Nice place.  Lots of nice things to look at, beautiful views.  Cool shops.  Awesome restaurants.  A very laid back environment.  My favorite part of the trip was the drive up to Mt. Mitchell.  It took like 25 minutes to drive all the way up and there were gorgeous trees on both sides of the road...  Amazing views!  I did in fact notice the elevation when I walked up the last 1/2 mile or so to the very top (elevation: 6,684), but once up there it was.. Fantastic. 




Took the audio tour at the Biltmore.  Insanely interesting stuff.  Truly aw-inspiring to see and hear how certain people lived so long ago.  There are so many cool things about the Biltmore.. and so many awesome rooms, but one of my favorites is the dining room.  Just.. wow.

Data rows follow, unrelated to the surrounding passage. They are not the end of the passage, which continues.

lemma ac_sim_upto_End: "ac t u \<Longrightarrow> sim_upto_End t u \<and> sim_upto_End u t"
proof (induction rule: ac.induct)
  case (ac_trans t u w)
  then show ?case using sim_upto_End_trans by blast
next
  case (ac_Plus t1 u1 t2 u2)
  then show ?case using sim_upto_End_Plus by blast
qed (auto simp: sim_upto_End_def step_iffs intro: ac.intros)

lemma ac_step:
  "ac t u \<Longrightarrow> step t a t' \<Longrightarrow> ac t' End \<or> (\<exists>u'. step u a u' \<and> ac t' u')"
  using ac_sim_upto_End unfolding sim_upto_End_def by blast

lemma reaches_summand_Nil: "reaches_summand t [] x \<longleftrightarrow> has_summand t x"
  by (simp add: reaches_summand_def steps_Nil_iff)

lemma reaches_summand_Cons:
  "reaches_summand t (a # s) x \<longleftrightarrow> (\<exists>t'. step t a t' \<and> reaches_summand t' s x)"
  by (auto simp: reaches_summand_def steps_Cons_iff)

lemma ac_End_not_reaches_summand: "ac t End \<Longrightarrow> \<not> reaches_summand t s x"
proof (induction s arbitrary: t)
  case Nil
  then show ?case
    using has_summand_imp_summand_vars ac_summand_vars_eq by (fastforce simp: reaches_summand_Nil)
next
  case (Cons a s)
  have "ac t' End" if "step t a t'" for t'
    using ac_step[OF Cons.prems that] by (auto simp: step_iffs)
  then show ?case using Cons.IH by (auto simp: reaches_summand_Cons)
qed

lemma reaches_summand_ac: "ac t u \<Longrightarrow> reaches_summand t s x \<Longrightarrow> reaches_summand u s x"
proof (induction s arbitrary: t u)
  case Nil
  then show ?case unfolding reaches_summand_Nil has_summand_def
    by (meson ac.ac_sym ac.ac_trans)
next
  case (Cons a s)
  then obtain t' where t': "step t a t'" "reaches_summand t' s x"
    by (auto simp: reaches_summand_Cons)
  moreover have "\<not> ac t' End" using ac_End_not_reaches_summand[of t' s x] t'(2) by blast
  ultimately obtain u' where "step u a u'" "ac t' u'"
    using ac_step[OF Cons.prems(1)] by blast
  then show ?case using Cons.IH t'(2) by (auto simp: reaches_summand_Cons)
qed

My friend now owns a sailboat.  I can't even imagine how awesome it is to own a sailboat.  It's great... and we chilled on Watauga Lake in Tennessee.  BEAUTIFUL.  And so peaceful.  I was very happy there.


Walking around downtown was pretty interesting.  Some amazing stores..with countless amazing things inside.  I could spend weeks in most of those stores.  Lots of interesting creatures in Asheville.  This one stood out quite a bit:





The Arboretum -which I continually forgot how to pronounce- was awesome.  Inside displayed a lot of poisonous trees, flowers, plants, seeds, etc.  Outside had some amazing flowers.. and bonsai trees.  My favorite flower I saw down there:


My friend who lives there was very concerned about me having a good time and experiencing all that Asheville has to offer.  I've seen enough to be wildly impressed, my friend.  But the most important part of my trip was to see YOU.  Even tho he's slightly (okay a little more than slightly) insane, I love him.

 

Thanks for the strongest cup of coffee I've EVER had, bro.  haha. 

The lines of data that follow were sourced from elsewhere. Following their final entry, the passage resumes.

(* Let $\mathbb{K}$ be a topological field, $d\in\mathbb{N}$, $F$ a topological $\mathbb{K}$-vector space, $U\subseteq\mathbb{K}^d$ open or of the form $U_1\times\cdots\times U_d$ with $U_i\subseteq\mathbb{K}$ having dense interior, and $f\colon U\to F$. If $f$ is $C^k_{BGN}$ for some $k\in\mathbb{N}_0$, then $f$ is $C^k_{SDS}$. If $\mathbb{K}$ is a valued field, $\sigma>0$ and $f$ is $C^{k,\sigma}_{BGN}$, then $f$ is $C^{k,\sigma}_{SDS}$.
   Context: Topological fields are Hausdorff and non-discrete; vector spaces Hausdorff; a valued field carries an absolute value defining a non-discrete topology. BGN: for $V\subseteq E$ with dense interior, $V^{[1]}=\{(x,y,t)\in V\times E\times\mathbb{K}: x+ty\in V\}$, $V^{]1[}$ its subset with $t\neq0$, $g^{]1[}(x,y,t)=(g(x+ty)-g(x))/t$. $g$ is $C^0_{BGN}$ if continuous, $C^1_{BGN}$ if moreover $g^{]1[}$ extends continuously to $g^{[1]}$ on $V^{[1]}$, $C^k_{BGN}$ if $C^1_{BGN}$ with $g^{[1]}$ $C^{k-1}_{BGN}$; $g^{[k]}=(g^{[1]})^{[k-1]}$, $g^{[0]}=g$. SDS: for $\alpha\in\mathbb{N}_0^d$, write $x\in\mathbb{K}^{d+|\alpha|}$ as $(x^{(1)},\ldots,x^{(d)})$ with $x^{(i)}=(x^{(i)}_0,\ldots,x^{(i)}_{\alpha_i})$; $U^{<\alpha>}$: all $x$ with $(x^{(1)}_{i_1},\ldots,x^{(d)}_{i_d})\in U$ for all $0\le i_\ell\le\alpha_\ell$; $U^{>\alpha<}$: those with pairwise distinct entries within each $x^{(i)}$; $f^{>0<}=f$, $f^{>\alpha<}(x)=\sum_{j_1,\ldots,j_d}\big(\prod_{\ell}\prod_{k_\ell\neq j_\ell}(x^{(\ell)}_{j_\ell}-x^{(\ell)}_{k_\ell})^{-1}\big)f(x^{(1)}_{j_1},\ldots,x^{(d)}_{j_d})$ ($0\le j_\ell,k_\ell\le\alpha_\ell$). $f$ is $C^k_{SDS}$ if continuous and, for every $1\le|\alpha|\le k$, $f^{>\alpha<}$ has a continuous extension $f^{<\alpha>}$ to $U^{<\alpha>}$ ($f^{<0>}=f$). Hölder: a gauge on $E$ is $q\colon E\to[0,\infty[$ with $q(tx)=|t|q(x)$ and $\{q<r\}$ a $0$-neighbourhood for all $r>0$; $g\colon V\to F$ is $C^{0,\sigma}$ if for each $x_0\in V$ and gauge $q$ on $F$ there exist a gauge $p$ on $E$ and a neighbourhood $W$ of $x_0$ in $V$ with $q(g(y)-g(x))\le p(y-x)^\sigma$ on $W$. $C^{k,\sigma}_{BGN}$: $C^k_{BGN}$ with all $f^{[j]}$ ($j\le k$) $C^{0,\sigma}$; $C^{k,\sigma}_{SDS}$: $C^k_{SDS}$ with all $f^{<\alpha>}$ ($|\alpha|\le k$) $C^{0,\sigma}$. *)

theory Defs
  imports "HOL-Analysis.Analysis"
begin

(* Conventions: K^m is represented as Km m = functions nat => 'k vanishing from index m on,
   with the (subspace of the) product topology on nat => 'k. *)

definition Km :: "nat \<Rightarrow> (nat \<Rightarrow> 'k::zero) set" where
  "Km m = {x. \<forall>i\<ge>m. x i = 0}"

definition top_field :: "'k::{field,t2_space,perfect_space} itself \<Rightarrow> bool" where
  "top_field _ \<longleftrightarrow>
     continuous_on UNIV (\<lambda>p::'k\<times>'k. fst p + snd p) \<and>
     continuous_on UNIV (\<lambda>p::'k\<times>'k. fst p * snd p) \<and>
     continuous_on UNIV (\<lambda>x::'k. - x) \<and>
     continuous_on (- {0}) (\<lambda>x::'k. inverse x)"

Happy, Curious and Irritated.

Well, well, well.  It seems like it has been forever.  But.. in this land.. the land of ME..  there ARE no rules or regulations... or expiration.  I kinda feel like I have a lot to say.  But.. where to begin??

Well, I can start off with:  I am the happiest I have been in a VERY long time.  Why?  Because I am I finally back on track with my health.. which means... on a one-way track to burning off this god awful PHAT.  I'm 6 pounds down so far.  Got 24 to go to reach my goal.  People lose 187 pounds.... I can lose 30.  Thirty.  It's really not THAT much, but to me, it will make a UNIVERSE of difference.  See, where I am right now...  tossing and turning around in this squishy shell of mine...  It's not a fun place.  I - ME - The Me that makes Me ME... is in this shell...  squirming and adjusting and screaming to get out...  The real ME is lean and strong and muscular and active and hyper and energetic and healthy and athletic.  Being those things makes me HAPPY.  It just feels GREAT.  It's been quite some time but, I do remember it.  And holy hell does this extra weight make you age.  WOW.  I bet I'm really like "55" at the moment.  Fuck that.  Let's get back to a hot, slender, strong 22 year old!!  I don't know about you.. but EYE sure miss her.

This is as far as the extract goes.